*Your assignment*.
Would you repeat, exactly as given, the line with "real \<Rightarrow> (nat" and every line after it to the end of the entries?

*Data records*.
*****
(* For any $C>1$, any odd $d\ge3$, and any $\eta\ge2$, there exists a forward-KL-regularized linear bandit instance of dimension $d$ such that $C^{\pi^*}=O(C)$ and $D^2_{\pi^*}=\Omega(Cd)$; consequently $D^2_{\pi^*}=\Omega(d\,C^{\pi^*})$.
   Context: A forward-KL-regularized linear bandit instance (single context) consists of a finite action set $\mathcal A$, a feature map $\phi:\mathcal A\to\mathbb R^d$, a parameter set $\Theta\subset\mathbb R^d$ defining the function class $\mathcal F=\{a\mapsto\langle\theta,\phi(a)\rangle:\theta\in\Theta\}$, a true parameter $\theta^*\in\Theta$ with mean reward $r(a)=\langle\theta^*,\phi(a)\rangle\in[0,1]$, a reference policy $\pi^{\mathrm{ref}}\in\Delta(\mathcal A)$ with full support, and $\eta>0$. The optimal policy is $\pi^*=\arg\max_{\pi\in\Delta(\mathcal A)}\sum_a r(a)\pi(a)-\eta^{-1}\mathrm{KL}(\pi^{\mathrm{ref}}\|\pi)$. $C^{\pi^*}=\max_a\pi^*(a)/\pi^{\mathrm{ref}}(a)$; $D^2(a)=\sup_{g,h\in\mathcal F}\frac{(g(a)-h(a))^2}{\mathbb E_{a'\sim\pi^{\mathrm{ref}}}[(g(a')-h(a'))^2]}$; $D^2_{\pi^*}=\mathbb E_{a\sim\pi^*}D^2(a)$. $O,\Omega$ hide absolute constants. *)

theory Defs
  imports "HOL-Analysis.Analysis"
begin

text \<open>Vectors in R^d are represented as functions nat => real; only coordinates i < d matter.
Actions are natural numbers drawn from a finite action set A.\<close>

definition inner_d :: "nat \<Rightarrow> (nat \<Rightarrow> real) \<Rightarrow> (nat \<Rightarrow> real) \<Rightarrow> real" where
  "inner_d d x y = (\<Sum>i<d. x i * y i)"

definition is_vec :: "nat \<Rightarrow> (nat \<Rightarrow> real) \<Rightarrow> bool" where
  "is_vec d x \<longleftrightarrow> (\<forall>i\<ge>d. x i = 0)"

definition is_dist :: "nat set \<Rightarrow> (nat \<Rightarrow> real) \<Rightarrow> bool" where
  "is_dist A p \<longleftrightarrow> (\<forall>a\<in>A. 0 \<le> p a) \<and> (\<forall>a. a \<notin> A \<longrightarrow> p a = 0) \<and> sum p A = 1"

definition is_pos_dist :: "nat set \<Rightarrow> (nat \<Rightarrow> real) \<Rightarrow> bool" where
  "is_pos_dist A p \<longleftrightarrow> is_dist A p \<and> (\<forall>a\<in>A. 0 < p a)"

definition KL :: "nat set \<Rightarrow> (nat \<Rightarrow> real) \<Rightarrow> (nat \<Rightarrow> real) \<Rightarrow> real" where
  "KL A p q = (\<Sum>a\<in>A. p a * ln (p a / q a))"

definition reg_obj :: "nat set \<Rightarrow> (nat \<Rightarrow> real) \<Rightarrow> (nat \<Rightarrow> real) \<Rightarrow> real \<Rightarrow> (nat \<Rightarrow> real) \<Rightarrow> real" where
  "reg_obj A r pref \<eta> p = (\<Sum>a\<in>A. r a * p a) - KL A pref p / \<eta>"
*****
*Response area*.
definition reg_obj :: "nat set \<Rightarrow> (nat \<Rightarrow> real) \<Rightarrow> (nat \<Rightarrow> real) \<Rightarrow> real \<Rightarrow> (nat \<Rightarrow> real) \<Rightarrow> real" where
  "reg_obj A r pref \<eta> p = (\<Sum>a\<in>A. r a * p a) - KL A pref p / \<eta>"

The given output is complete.